What is "enough information" anyway? Is a decision to postpone deciding any difference than not deciding? Where is the distinction?
You are granted waving precision for the sake of decisiveness, what is your basis on postponement? It surely cannot be accuracy. It surely cannot be because there is an equal amount of equally convincing arguments down to the iota on both sides of the questions.
What is it then?
You are buttressing my point above - based on the information that is available to date, I can't definitively make a call whether god exists or not. Now tell me Pontiff, what is wrong with that?
Certainly, with an encyclical.
Perhaps a more insightful approach - than the simplistic right/ wrong labeling- would be to examine the finer details.
Are you talking about information available todate or information available to you todate? There is a big and important distinction. A blind man may be fully justified in saying, based on information available to him, the sun does not exist, that does not make that to be a fact.
Moreover, it is worthwhile to zero in on the specific information. What information are you referring to?
Nope, the information we have so far is inconclusive to get us to a convergence point.
Let's get to the nitty gritty. What information are you referring to?
Why not? It took almost a century for the Poincare's conjecture to be proven, what is 500 years for god?
Because there is no reason that this question would be settled in 500 years. It is entirely possible that the question is not knowable just as it is unknowable that the sun will rise tomorrow.
Is it unreasonable to use the past experience which converges towards the sun rising tomorrow, even as we do not know for sure that that will be the case?

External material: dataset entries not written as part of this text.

text \<open>Jamison's bound, in dual form: lines of \<open>F\<^sub>q\<^sup>2\<close> avoiding the origin that cover all
  other points number at least \<open>2q - 2\<close>. Otherwise their product would be a polynomial of
  degree at most \<open>2q - 3\<close> vanishing everywhere except at the origin, yet its sum over the
  plane is \<open>0\<close>.\<close>
lemma card_ge_if_lines_cover_punctured_plane:
  fixes \<alpha> \<beta> \<gamma> :: "'b \<Rightarrow> 'a::{finite,field}"
  assumes "finite I" and \<gamma>: "\<forall>k\<in>I. \<gamma> k \<noteq> 0"
    and cover: "\<And>x y. (x, y) \<noteq> (0, 0) \<Longrightarrow> \<exists>k\<in>I. \<alpha> k * x + \<beta> k * y + \<gamma> k = 0"
  shows "2 * CARD('a) - 2 \<le> card I"
proof (rule ccontr)
  assume "\<not> ?thesis"
  then have card_I: "card I + 0 + 0 \<le> 2 * CARD('a) - 3" by simp
  define F where "F x y = (\<Prod>k\<in>I. \<alpha> k * x + \<beta> k * y + \<gamma> k)" for x y
  have F_vanish: "F x y = 0" if "(x, y) \<noteq> (0, 0)" for x y
    using cover[OF that] by (auto simp: F_def prod_zero_iff[OF \<open>finite I\<close>])
  have "(\<Sum>x\<in>UNIV. \<Sum>y\<in>UNIV. F x y) = 0"
    using sum_plane_monomial_affine_prod_eq_0[OF \<open>finite I\<close> card_I] by (simp add: F_def)
  moreover have "(\<Sum>x\<in>UNIV. \<Sum>y\<in>UNIV. F x y) = F 0 0"
  proof -
    have "(\<Sum>y\<in>UNIV. F x y) = (if x = 0 then F 0 0 else 0)" for x
      using sum.remove[of UNIV 0 "F x"] F_vanish[of x] by (auto intro: sum.neutral)
    then show ?thesis by simp
  qed
  moreover have "F 0 0 \<noteq> 0"
    using \<gamma> \<open>finite I\<close> by (simp add: F_def)
  ultimately show False by simp
qed

section \<open>Vectors of the three-dimensional space\<close>

definition smul3 :: "'a::field \<Rightarrow> 'a \<times> 'a \<times> 'a \<Rightarrow> 'a \<times> 'a \<times> 'a" where
  "smul3 t v = (t * fst v, t * fst (snd v), t * snd (snd v))"
(* Let $d,n\in\mathbb{N}$ be such that $h_c=h_c(d,n)$ is finite. For every $\epsilon\in(0,1]$ there exists $\gamma>0$ depending only on $\epsilon,d,n$ such that the following holds. Let $B$ be an axis-parallel box in $\mathbb{R}^d$ and $S$ a set of $m\ge h_c$ points in $\mathbb{R}^d$ such that at least $\epsilon m$ points of $S$ cannot be covered by any $n$ translated copies of $B$. Let $0<\delta\le 1$. If one independently samples $\frac{1}{\gamma}\ln\frac{1}{\delta}$ sets, each a uniformly random $h_c$-element subset of $S$, then with probability at least $1-\delta$ some sampled set cannot be covered by any $n$ translated copies of $B$.
   Context: An axis-parallel box in $\mathbb{R}^d$ is a set $[\alpha_1,\beta_1]\times\dots\times[\alpha_d,\beta_d]$. "At least $\epsilon m$ points of $S$ cannot be covered by any $n$ translated copies of $B$" means that for any $n$ translates of $B$ at least $\epsilon m$ points of $S$ lie outside their union. A family is $n$-pierceable if some set of at most $n$ points meets every member. Given families $\mathcal{F}_1,\dots,\mathcal{F}_m$, a colorful $t$-tuple is $(C_1,\dots,C_t)$ with $C_j\in\mathcal{F}_{i_j}$ for pairwise distinct $i_j$. $h_c(d,n)$ denotes the smallest positive integer $h$ such that whenever $\mathcal{F}_1,\dots,\mathcal{F}_h$ are collections of axis-parallel boxes in $\mathbb{R}^d$ with every colorful $h$-tuple $n$-pierceable, some $\mathcal{F}_i$ is $n$-pierceable. *)

theory Defs
  imports "HOL-Analysis.Analysis" "HOL-Probability.Probability"
begin

definition is_box :: "(real ^ 'd) set \<Rightarrow> bool" where
  "is_box B \<longleftrightarrow> (\<exists>a b. (\<forall>i. a $ i \<le> b $ i) \<and> B = cbox a b)"

definition pierceable :: "nat \<Rightarrow> 'a set set \<Rightarrow> bool" where
  "pierceable n F \<longleftrightarrow> (\<exists>P. finite P \<and> card P \<le> n \<and> (\<forall>C\<in>F. P \<inter> C \<noteq> {}))"

definition hc_prop :: "'d::finite itself \<Rightarrow> nat \<Rightarrow> nat \<Rightarrow> bool" where
  "hc_prop _ n h \<longleftrightarrow>
     (\<forall>F :: nat \<Rightarrow> (real ^ 'd) set set.
        (\<forall>i<h. \<forall>C\<in>F i. is_box C) \<longrightarrow>
        (\<forall>f. (\<forall>i<h. f i \<in> F i) \<longrightarrow> pierceable n (f ` {..<h})) \<longrightarrow>
        (\<exists>i<h. pierceable n (F i)))"

definition hc_finite :: "'d::finite itself \<Rightarrow> nat \<Rightarrow> bool" where
  "hc_finite d n \<longleftrightarrow> (\<exists>h>0. hc_prop d n h)"

definition hc :: "'d::finite itself \<Rightarrow> nat \<Rightarrow> nat" where
  "hc d n = (LEAST h. h > 0 \<and> hc_prop d n h)"

definition coverable :: "nat \<Rightarrow> (real ^ 'd) set \<Rightarrow> (real ^ 'd) set \<Rightarrow> bool" where
  "coverable n B X \<longleftrightarrow>
     (\<exists>T. finite T \<and> card T \<le> n \<and> X \<subseteq> (\<Union>t\<in>T. (\<lambda>x. t + x) ` B))"

definition subset_pmf :: "nat \<Rightarrow> 'a set \<Rightarrow> 'a set pmf" where
  "subset_pmf h S = pmf_of_set {A. A \<subseteq> S \<and> card A = h}"

end

theory Submission
  imports Defs
begin

text \<open>A translate \<open>t + B\<close> contains \<open>x\<close> iff \<open>t \<in> x - B\<close>, so covering \<open>X\<close> by \<open>n\<close> translates of \<open>B\<close>
  is the same as piercing the boxes \<open>x - B\<close>, \<open>x \<in> X\<close>, with \<open>n\<close> points. The colorful Helly
  number \<open>h = h\<^sub>c(d,n)\<close> therefore says: from any \<open>h\<close> uncoverable sets one can pick one point
  each such that the \<open>h\<close> picked points are still uncoverable. If at least \<open>\<epsilon>m\<close> points of \<open>S\<close>
  survive every choice of \<open>n\<close> translates, greedily removing uncoverable subsets of size \<open>\<le> h\<close>
  yields \<open>r \<ge> \<epsilon>m/h\<close> pairwise disjoint ones; for every \<open>h\<close> of them a colorful choice gives
  an uncoverable \<open>h\<close>-set meeting exactly these, so at least \<open>C(r,h) \<ge> (\<epsilon>m/h\<^sup>2)\<^sup>h\<close> of the
  \<open>C(m,h) \<le> m\<^sup>h\<close> \<open>h\<close>-subsets of \<open>S\<close> are uncoverable. Thus a single sample is uncoverable with
  probability at least some \<open>\<gamma>(\<epsilon>,h) > 0\<close>, and \<open>k \<ge> ln(1/\<delta>)/\<gamma>\<close> independent samples all fail
  with probability at most \<open>(1 - \<gamma>)\<^sup>k \<le> \<delta>\<close>.\<close>

definition covering_translations :: "'a::ab_group_add set \<Rightarrow> 'a \<Rightarrow> 'a set" where
  "covering_translations B x = {t. x \<in> (\<lambda>y. t + y) ` B}"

And that's exactly what I do.
Whatever qualifiers you are using are taxing you without any benefit.I am afraid you are getting the disadvantage of using qualifiers (you are not comprehensive and definitive) without even benefiting from the advantages of using qualifies ( converging systematically) which in theory should converge towards discarding qualifiers.
At this rate, you will always use qualifiers and not converge anywhere. This is why, despite all protestations, I termed agnosticism as indecisiveness.

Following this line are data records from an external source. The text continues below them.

text \<open>min{1/x, y} with the convention min{1/0, y} = y.\<close>
definition min_inv :: "real \<Rightarrow> real \<Rightarrow> real" where
  "min_inv x y = (if x = 0 then y else min (1 / x) y)"

end

theory Submission
  imports Defs "HOL-Library.Option_ord"
begin

text \<open>
  When COVER assigns the edge e to a set T at level l, we have c(e) < \<beta>(T) 2^(1-l), so the
  cost of e can be charged to the vertices of T. With the potential
  \<Sum>{\<beta>(v) 2^(1-j) | v \<in> V, r < j \<le> eff(v)} this shows that the edges recorded for vertices
  of level above r cost at most 2^(1-r) \<beta>(V). Conversely, once e has been processed none of
  its subsets is effective, so the vertices of e of level at most r have benefit at most
  2^r c(e); summing over the edges of OPT, the vertices of level at most r have benefit at
  most 2^r c(OPT). For the threshold r* chosen by SSSC, the first level m > r* at which new
  vertices appear has 2^m c(OPT) > \<epsilon> \<beta>(V) (with unit benefits: 2^m c(OPT) \<ge> \<surd>n), which turns
  the first bound into 4 c(OPT)/\<epsilon> (resp. 4 \<surd>n c(OPT)); the at most \<surd>n vertices sent to
  their cheapest edge cost at most c(OPT) each.
\<close>

text \<open>In the order of Option_ord, None (which encodes the level -\<infinity>) lies below every level.\<close>

lemma eff_less_iff: "eff_less x l \<longleftrightarrow> x < Some l"
  by (cases x) (auto simp: eff_less_def)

Based on the info we have to date, we can't conclusively tell whether god does really exist or not.
Again, we would do well to concentrate on examining the info, with details. The info I have today shows that god is becoming irrelevant with each passing day, and at some point down the line he will be a quaint object of nostalgic sentimentality for future historians when they ponder the human psychology and why it took us so long to admit that there is no god.
See, that's why the difference between atheists and agnostics is marginal. It seems like we agree on almost 99% except that one - conclusion. Don't you think?

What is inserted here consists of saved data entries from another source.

corollary continuous:
  "\<forall>f\<in>X. \<forall>e>0. \<exists>d>0. \<forall>g\<in>X. NX (\<lambda>x. g x - f x) < d \<longrightarrow> NY (\<lambda>x. T g x - T f x) < e"
proof (intro ballI allI impI)
  fix f and e :: real assume "f \<in> X" "e > 0"
  obtain C where "C > 0" and C: "\<forall>f\<in>X. NY (T f) \<le> C * NX f" using bounded by blast
  show "\<exists>d>0. \<forall>g\<in>X. NX (\<lambda>x. g x - f x) < d \<longrightarrow> NY (\<lambda>x. T g x - T f x) < e"
  proof (intro exI[of _ "e / C"] conjI ballI impI)
    show "e / C > 0" using \<open>e > 0\<close> \<open>C > 0\<close> by simp
    fix g assume "g \<in> X" "NX (\<lambda>x. g x - f x) < e / C"
    have "NY (\<lambda>x. T g x - T f x) = NY (T (\<lambda>x. g x - f x))"
      using norm_image_diff[OF \<open>g \<in> X\<close> \<open>f \<in> X\<close>] by simp
    also have "\<dots> \<le> C * NX (\<lambda>x. g x - f x)" using C diff_mem[OF \<open>g \<in> X\<close> \<open>f \<in> X\<close>] by blast
    also have "\<dots> < C * (e / C)"
      using \<open>NX (\<lambda>x. g x - f x) < e / C\<close> \<open>C > 0\<close> by (intro mult_strict_left_mono)
    also have "\<dots> = e" using \<open>C > 0\<close> by simp
    finally show "NY (\<lambda>x. T g x - T f x) < e" .
  qed
qed

end

lemma positive_operator_bfsI:
  assumes "banach_rect_fs M X NX" "subsequence_property M X NX"
    and "banach_rect_fs M Y NY" "subsequence_property M Y NY"
    and "positive_linear_op M X Y T"
  shows "positive_operator_bfs X M Y T NX NY"
proof -
  interpret NX: complete_function_seminorm X NX
    by (rule banach_rect_fs_complete_function_seminorm[OF assms(1)])
  show ?thesis
    by (intro positive_operator_bfs.intro positive_operator.intro positive_operator_axioms.intro
        positive_operator_bfs_axioms.intro NX.function_space_axioms assms)
qed

lemma banach_rect_fs_norms_equivalent:
  assumes "banach_rect_fs M X N" "subsequence_property M X N"
    and "banach_rect_fs M X N0" "subsequence_property M X N0"
  shows "\<exists>c>0. \<exists>C>0. \<forall>f\<in>X. c * N0 f \<le> N f \<and> N f \<le> C * N0 f"
proof -
  have id: "positive_linear_op M X X (\<lambda>f. f)" by (simp add: positive_linear_op_def)
  obtain C1 where "C1 > 0" and C1: "\<forall>f\<in>X. N0 f \<le> C1 * N f"
    using positive_operator_bfs.bounded[OF positive_operator_bfsI[OF assms id]] by blast
  obtain C2 where "C2 > 0" and C2: "\<forall>f\<in>X. N f \<le> C2 * N0 f"
    using positive_operator_bfs.bounded[OF positive_operator_bfsI[OF assms(3,4,1,2) id]] by blast
  have "1 / C1 * N0 f \<le> N f" if "f \<in> X" for f
    using C1 that \<open>C1 > 0\<close> by (simp add: field_simps)
  then show ?thesis using \<open>C1 > 0\<close> \<open>C2 > 0\<close> C2 by (intro exI[of _ "1 / C1"] exI[of _ C2]) auto
qed

theorem corollary4p4:
  fixes M :: "'a measure"
  assumes "finite_measure M"
  shows "(\<forall>X NX Y NY T.
            banach_rect_fs M X NX \<and> subsequence_property M X NX \<and>
            banach_rect_fs M Y NY \<and> subsequence_property M Y NY \<and>
            positive_linear_op M X Y T
            \<longrightarrow> (\<forall>f\<in>X. \<forall>e>0. \<exists>d>0. \<forall>g\<in>X.
                   NX (\<lambda>x. g x - f x) < d \<longrightarrow> NY (\<lambda>x. T g x - T f x) < e))
       \<and> (\<forall>X N N0.
            banach_rect_fs M X N \<and> subsequence_property M X N \<and>
            banach_rect_fs M X N0 \<and> subsequence_property M X N0
            \<longrightarrow> (\<exists>c>0. \<exists>C>0. \<forall>f\<in>X. c * N0 f \<le> N f \<and> N f \<le> C * N0 f))"
proof (intro conjI allI impI)
  fix X NX Y NY T
  assume "banach_rect_fs M X NX \<and> subsequence_property M X NX \<and>
    banach_rect_fs M Y NY \<and> subsequence_property M Y NY \<and> positive_linear_op M X Y T"
  then interpret positive_operator_bfs X M Y T NX NY
    by (intro positive_operator_bfsI) simp_all
  show "\<forall>f\<in>X. \<forall>e>0. \<exists>d>0. \<forall>g\<in>X. NX (\<lambda>x. g x - f x) < d \<longrightarrow> NY (\<lambda>x. T g x - T f x) < e"
    by (rule continuous)
next
  fix X N N0
  assume "banach_rect_fs M X N \<and> subsequence_property M X N \<and>
    banach_rect_fs M X N0 \<and> subsequence_property M X N0"
  then show "\<exists>c>0. \<exists>C>0. \<forall>f\<in>X. c * N0 f \<le> N f \<and> N f \<le> C * N0 f"
    by (intro banach_rect_fs_norms_equivalent[of M]) simp_all
qed

end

The difference between atheists and agnostics is the one between a general who wants to examine all of Newtons equations anew, and Einstein's relativity as well, conduct all experiments involved, just to be sure that he can fire a gun at close range and kill his enemy.
This general is the agnostic one, he is sure to lose the war.
The atheist general is decisive and fires at once based on past experiences.
A sure fighting chance.
Patton did not win the war because he wanted all the trajectories figured out to the millimeter.
He was decisive.
This difference could prove to be a matter of life and death, tell the dead soldier that he is "dead only marginally".